In [1]:
import numpy as np

# Lab Assignment 4.2: Distance to the ellipsoid **(2.5 pts total)**

### The aim of this lab assignment is to apply several numerical methods for finding the distance to the ellipsoid and evaluate their effectiveness. You will implement the standard methods (descent, Newton a.o.), analyse their pros and cons, convergence rates etc.  

#### Prepared by: **Volodymyr Kuchynskyy**
## Completed by:
*   Roman Kovalchuk
*   Eduard Pekach

##2.1. Setting and preliminaries (0.25 pts)

- The ellipsoid surface $E$ is given by the equation $$\frac{x^2}{a^2} + \frac{y^2}{b^2} + \frac{z^2}{c^2} = 1,$$ where $a$, $b$, and $c$ are semi-axes in the respective directions.
- the task is to find the point on $E$ that is the closest one to a given point $\mathbf{y} = (x_0, y_0, z_0)$ outside the ellipsoid


###Task 2.1
Write down the objective function $f(\mathbf{x})$ and the constraint function $g(\mathbf{x})$ (so that $E$ coincides with $\{\mathbf{x}\in \mathbb{R}^3 \mid g(\mathbf{x})=0\}$).
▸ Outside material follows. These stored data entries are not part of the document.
definition X2 :: "nat \<Rightarrow> (nat \<Rightarrow> 'a::field) \<Rightarrow> 'a mat" where
  "X2 r s = mat (r - 1) (r - 1) (\<lambda>(i, j). sx r s (int i - int j))"

definition X3 :: "nat \<Rightarrow> (nat \<Rightarrow> 'a::field) \<Rightarrow> 'a mat" where
  "X3 r s = mat (r - 1) (r - 1) (\<lambda>(i, j).
     if j \<ge> i then sx r s (int r - (int j - int i)) else 0)"

definition X4 :: "nat \<Rightarrow> (nat \<Rightarrow> 'a::field) \<Rightarrow> 'a mat" where
  "X4 r s = mat (r - 1) (r - 1) (\<lambda>(i, j).
     if i \<ge> j then of_int (int r - (int i - int j)) * sx r s (int i - int j) else 0)"

definition ucol :: "nat \<Rightarrow> (nat \<Rightarrow> 'a::field) \<Rightarrow> 'a mat" where
  "ucol r s = mat (r - 1) 1 (\<lambda>(i, _). of_int (int r - int (i+1)) * sx r s (int (i+1)))"

definition wrow :: "nat \<Rightarrow> (nat \<Rightarrow> 'a::field) \<Rightarrow> 'a mat" where
  "wrow r s = mat 1 (r - 1) (\<lambda>(_, j). of_int (int r - int (j+1)) * sx r s (int r - int (j+1)))"

definition antidiag :: "nat \<Rightarrow> 'a::field mat" where
  "antidiag d = mat d d (\<lambda>(i, j). if i + j + 1 = d then 1 else 0)"

end

theory Submission
  imports Defs
begin

text \<open>
  Index rows and columns from 0 and put d = r - 1, F = f', G = f - x f'/r. Expanding the products,
  the (i,j) entry of the left-hand side is M(i,j) = \<Sum>k<d. g(i,j,k) - u_i w_j / r with
  g(i,j,k) = (r+i+j-2k) s_(r+i-k) s_(k-j). The Bezoutian B is the polynomial with
  (x - y) B(x,y) = F(x) G(y) - G(x) F(y), i.e. B_(a-1,b) - B_(a,b-1) = F_a G_b - G_a F_b on
  coefficients; after the row reversal by J this becomes a recurrence along the diagonals of M.
  It holds because g(i+1,j+1,k+1) = g(i,j,k), so M(i+1,j+1) - M(i,j) only involves the term
  k = d and the u w correction. On the border i = 0 or j = 0, the antisymmetry
  g(i,j,r+i+j-k) = -g(i,j,k) makes the full sum over k vanish, and since g vanishes for k > r
  this expresses M(i,j) through the two terms k = d and k = r.
\<close>

lemma sx_outside: "k < 0 \<or> int r < k \<Longrightarrow> sx r s k = 0"
  by (auto simp: sx_def)

lemma sum_atMost_eq_0_if_antisymmetric:
  fixes f :: "nat \<Rightarrow> 'a::{idom, ring_char_0}"
  assumes "\<And>k. k \<le> n \<Longrightarrow> f (n - k) = - f k"
  shows "(\<Sum>k\<le>n. f k) = 0"
proof -
  have "(\<Sum>k\<le>n. f k) = (\<Sum>k\<le>n. f (n - k))"
    using sum.atLeastAtMost_rev[of f 0 n] by (simp add: atLeast0AtMost)
  also have "\<dots> = - (\<Sum>k\<le>n. f k)"
    by (simp add: assms sum_negf)
  finally show ?thesis
    by (simp add: eq_neg_iff_add_eq_0 flip: mult_2)
qed

lemma coeff_fpoly: "coeff (fpoly r s) n = (if n \<le> r then sx r s (int r - int n) else 0)"
proof -
  have "coeff (fpoly r s) n = (\<Sum>i\<le>r. if i = r - n \<and> n \<le> r then sx r s (int i) else 0)"
    unfolding fpoly_def coeff_sum coeff_monom by (rule sum.cong) auto
  then show ?thesis
    by (simp add: of_nat_diff)
qed

lemma coeff_pderiv_fpoly:
  "coeff (pderiv (fpoly r s)) n = (if n < r then of_nat (n + 1) * sx r s (int r - int n - 1) else 0)"
  by (simp add: coeff_pderiv coeff_fpoly algebra_simps)

abbreviation gpoly :: "nat \<Rightarrow> (nat \<Rightarrow> 'a::field_char_0) \<Rightarrow> 'a poly" where
  "gpoly r s \<equiv> fpoly r s - Polynomial.smult (1 / of_nat r) ([:0, 1:] * pderiv (fpoly r s))"

lemma coeff_gpoly:
  assumes "r \<noteq> 0"
  shows "coeff (gpoly r s) n
    = (if n \<le> r then (of_nat r - of_nat n) / of_nat r * sx r s (int r - int n) else 0)"
  using assms by (cases n) (simp_all add: coeff_fpoly coeff_pderiv_fpoly field_simps)

lemma degree_pderiv_fpoly:
  assumes "r \<ge> 1"
  shows "degree (pderiv (fpoly r s :: 'a::field_char_0 poly)) = r - 1"
proof (rule antisym)
  show "degree (pderiv (fpoly r s)) \<le> r - 1"
    by (rule degree_le) (auto simp: coeff_pderiv_fpoly)
  show "r - 1 \<le> degree (pderiv (fpoly r s))"
    by (rule le_degree) (use assms in \<open>simp add: coeff_pderiv_fpoly sx_def of_nat_diff\<close>)
qed

lemma degree_gpoly_le:
  assumes "r \<ge> 1"
  shows "degree (gpoly r s) \<le> r - 1"
proof (rule degree_le, intro allI impI)
  fix n assume "r - 1 < n"
  then show "coeff (gpoly r s) n = 0"
    using assms by (subst coeff_gpoly) auto
qed

definition bipoly :: "nat \<Rightarrow> (nat \<Rightarrow> nat \<Rightarrow> 'a::comm_monoid_add) \<Rightarrow> 'a poly poly" where
  "bipoly n c = (\<Sum>b<n. monom (\<Sum>a<n. monom (c a b) a) b)"

lemma coeff_bipoly: "coeff (coeff (bipoly n c) b) a = (if a < n \<and> b < n then c a b else 0)"
  by (simp add: bipoly_def coeff_sum coeff_monom sum.delta)

lemma bez_poly_eqI:
  fixes F G :: "'a::field poly" and Q :: "'a poly poly"
  assumes "\<And>a b. (if a = 0 then 0 else coeff (coeff Q b) (a - 1))
                  - (if b = 0 then 0 else coeff (coeff Q (b - 1)) a)
                = coeff F a * coeff G b - coeff G a * coeff F b"
  shows "bez_poly F G = Q"
proof -
  have numerator: "[:F:] * map_poly (\<lambda>c. [:c:]) G - [:G:] * map_poly (\<lambda>c. [:c:]) F = [:[:0, 1:], -1:] * Q"
  proof (intro poly_eqI)
    fix a b
    show "coeff (coeff ([:F:] * map_poly (\<lambda>c. [:c:]) G - [:G:] * map_poly (\<lambda>c. [:c:]) F) b) a
        = coeff (coeff ([:[:0, 1:], -1:] * Q) b) a"
      using assms[of a b] by (cases a; cases b) (simp_all add: coeff_map_poly)
  qed
  show ?thesis
    unfolding bez_poly_def numerator by (rule nonzero_mult_div_cancel_left) simp
qed

lemma bezout_matrix_eq_mat:
  assumes "max (degree F) (degree G) = n" and "bez_poly F G = bipoly n c"
  shows "bezout_matrix F G = mat n n (\<lambda>(i, j). c i j)"
  by (rule eq_matI) (auto simp: bezout_matrix_def assms coeff_bipoly)

lemma antidiag_mult_mat:
  "antidiag n * mat n m (\<lambda>(i, j). c (n - 1 - i) j) = mat n m (\<lambda>(i, j). c i j)"
proof (rule eq_matI)
  fix i j assume "i < dim_row (mat n m (\<lambda>(i, j). c i j))" "j < dim_col (mat n m (\<lambda>(i, j). c i j))"
  then have ij: "i < n" "j < m" by simp_all
  have "(antidiag n * mat n m (\<lambda>(i, j). c (n - 1 - i) j)) $$ (i, j)
      = (\<Sum>k<n. (if i + k + 1 = n then 1 else 0) * c (n - 1 - k) j)"
    using ij by (simp add: antidiag_def scalar_prod_def atLeast0LessThan)
  also have "\<dots> = (\<Sum>k<n. if k = n - 1 - i then c (n - 1 - k) j else 0)"
    using ij by (intro sum.cong) auto
  also have "\<dots> = c i j"
    using ij by simp
  finally show "(antidiag n * mat n m (\<lambda>(i, j). c (n - 1 - i) j)) $$ (i, j) = mat n m (\<lambda>(i, j). c i j) $$ (i, j)"
    using ij by simp
qed (simp_all add: antidiag_def)

definition lhs_summand :: "nat \<Rightarrow> (nat \<Rightarrow> 'a::field) \<Rightarrow> nat \<Rightarrow> nat \<Rightarrow> nat \<Rightarrow> 'a" where
  "lhs_summand r s i j k =
     of_int (int r + int i + int j - 2 * int k) * sx r s (int r + int i - int k) * sx r s (int k - int j)"

definition lhs_entry :: "nat \<Rightarrow> (nat \<Rightarrow> 'a::field) \<Rightarrow> nat \<Rightarrow> nat \<Rightarrow> 'a" where
  "lhs_entry r s i j = (\<Sum>k<r - 1. lhs_summand r s i j k)
     - of_int (int r - int i - 1) * sx r s (int i + 1) * (of_int (int r - int j - 1) * sx r s (int r - int j - 1))
       / of_nat r"

definition cross_term :: "nat \<Rightarrow> (nat \<Rightarrow> 'a::field) \<Rightarrow> nat \<Rightarrow> nat \<Rightarrow> 'a" where
  "cross_term r s i j =
     (of_int ((int r - int i) * (int r - int j)) * sx r s (int i) * sx r s (int r - int j)
      - of_int ((int i + 1) * (int j + 1)) * sx r s (int i + 1) * sx r s (int r - int j - 1)) / of_nat r"

lemma lhs_eq_mat:
  "- (X1 r s * X2 r s) + X3 r s * X4 r s - (1 / of_nat r) \<cdot>\<^sub>m (ucol r s * wrow r s)
     = mat (r - 1) (r - 1) (\<lambda>(i, j). lhs_entry r s i j)"
proof (rule eq_matI)
  fix i j assume "i < dim_row (mat (r - 1) (r - 1) (\<lambda>(i, j). lhs_entry r s i j))"
    "j < dim_col (mat (r - 1) (r - 1) (\<lambda>(i, j). lhs_entry r s i j))"
  then have ij: "i < r - 1" "j < r - 1" by simp_all
  have summand: "- (X1 r s $$ (i, k) * X2 r s $$ (k, j)) + X3 r s $$ (i, k) * X4 r s $$ (k, j)
      = lhs_summand r s i j k" if "k < r - 1" for k
    using ij that by (cases "j \<le> k"; cases "i \<le> k")
      (simp_all add: X1_def X2_def X3_def X4_def lhs_summand_def sx_outside algebra_simps)
  have "(- (X1 r s * X2 r s) + X3 r s * X4 r s - (1 / of_nat r) \<cdot>\<^sub>m (ucol r s * wrow r s)) $$ (i, j)
      = (\<Sum>k<r - 1. - (X1 r s $$ (i, k) * X2 r s $$ (k, j)) + X3 r s $$ (i, k) * X4 r s $$ (k, j))
        - (1 / of_nat r) * (ucol r s $$ (i, 0) * wrow r s $$ (0, j))"
    using ij by (simp add: X1_def X2_def X3_def X4_def ucol_def wrow_def scalar_prod_def
        sum.distrib sum_negf sum_subtractf atLeast0LessThan)
  also have "\<dots> = lhs_entry r s i j"
    unfolding lhs_entry_def
  proof (rule arg_cong2[where f = "(-)"])
    show "(\<Sum>k<r - 1. - (X1 r s $$ (i, k) * X2 r s $$ (k, j)) + X3 r s $$ (i, k) * X4 r s $$ (k, j))
        = (\<Sum>k<r - 1. lhs_summand r s i j k)"
      using summand by (intro sum.cong) simp_all
    show "1 / of_nat r * (ucol r s $$ (i, 0) * wrow r s $$ (0, j))
        = of_int (int r - int i - 1) * sx r s (int i + 1) * (of_int (int r - int j - 1) * sx r s (int r - int j - 1))
          / of_nat r"
      using ij by (simp add: ucol_def wrow_def diff_diff_eq add.commute)
  qed
  finally show "(- (X1 r s * X2 r s) + X3 r s * X4 r s - (1 / of_nat r) \<cdot>\<^sub>m (ucol r s * wrow r s)) $$ (i, j)
      = mat (r - 1) (r - 1) (\<lambda>(i, j). lhs_entry r s i j) $$ (i, j)"
    using ij by simp
qed (simp_all add: X1_def X4_def ucol_def wrow_def)

lemma lhs_summand_Suc_Suc_Suc: "lhs_summand r s (Suc i) (Suc j) (Suc k) = lhs_summand r s i j k"
  by (simp add: lhs_summand_def algebra_simps)

lemma lhs_summand_reflect:
  "k \<le> r + i + j \<Longrightarrow> lhs_summand r s i j (r + i + j - k) = - lhs_summand r s i j k"
  by (simp add: lhs_summand_def of_nat_diff algebra_simps)

lemma lhs_summand_eq_0:
  assumes "r + min i j < k"
  shows "lhs_summand r s i j k = 0"
proof (cases "i \<le> j")
  case True
  then have "sx r s (int r + int i - int k) = 0" using assms by (intro sx_outside) simp
  then show ?thesis by (simp add: lhs_summand_def)
next
  case False
  then have "sx r s (int k - int j) = 0" using assms by (intro sx_outside) simp
  then show ?thesis by (simp add: lhs_summand_def)
qed

lemma sum_lhs_summand_eq_0:
  "(\<Sum>k\<le>r + i + j. lhs_summand r s i j k :: 'a::field_char_0) = 0"
  by (rule sum_atMost_eq_0_if_antisymmetric) (simp add: lhs_summand_reflect)

lemma lhs_summand_r_minus_1:
  "r \<ge> 1 \<Longrightarrow> lhs_summand r s i j (r - 1)
     = of_int (int i + int j + 2 - int r) * sx r s (int i + 1) * sx r s (int r - int j - 1)"
  by (simp add: lhs_summand_def of_nat_diff algebra_simps)

lemma lhs_summand_r:
  "lhs_summand r s i j r = of_int (int i + int j - int r) * sx r s (int i) * sx r s (int r - int j)"
  by (simp add: lhs_summand_def algebra_simps)

lemma lhs_entry_eq_cross_term_if_0:
  fixes s :: "nat \<Rightarrow> 'a::field_char_0"
  assumes r: "r \<ge> 1" and ij: "i = 0 \<or> j = 0"
  shows "lhs_entry r s i j = cross_term r s i j"
proof -
  let ?g = "lhs_summand r s i j"
  have "(\<Sum>k\<le>r + i + j. ?g k) = (\<Sum>k\<le>r. ?g k)"
    by (rule sum.mono_neutral_right) (use ij in \<open>auto intro!: lhs_summand_eq_0\<close>)
  also have "\<dots> = (\<Sum>k<r - 1. ?g k) + ?g (r - 1) + ?g r"
    using r by (cases r) (simp_all flip: lessThan_Suc_atMost)
  finally have "(\<Sum>k<r - 1. ?g k) + ?g (r - 1) + ?g r = 0"
    using sum_lhs_summand_eq_0[of r s i j] by simp
  then have sum_eq: "(\<Sum>k<r - 1. ?g k) = - ?g (r - 1) - ?g r"
    by (simp add: eq_neg_iff_add_eq_0 algebra_simps)
  show ?thesis
    using r ij unfolding lhs_entry_def cross_term_def sum_eq lhs_summand_r_minus_1[OF r] lhs_summand_r
    by (auto simp: field_simps)
qed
Calculate the gradients explicitly


---

**Write here the objective, and constraint functions and calculations of the gradient**

---


In [2]:
#declare and define your *objective* and *constaint* functions here if necessary
#the functions *must* accept the point x є R^3 (np.array or Tuple) as the first
#argument
#...
f_x = lambda x, x_0: (x[0] - x_0[0])**2 + (x[1] - x_0[1])**2 + (x[2] - x_0[2])**2
g_x = lambda x, a, b, c: x[0]**2/a**2 + x[1]**2/b**2 + x[2]**2/c**2 - 1# your constraint function (either lambda or defined above)

## 2.2 Gradient descent methods (1 pts)

### Task 2.2: gradient descent method
Implement the gradient descent method to find the point $\mathbf{x}_0 \in E$ that is the closest one to $\mathbf{y}$.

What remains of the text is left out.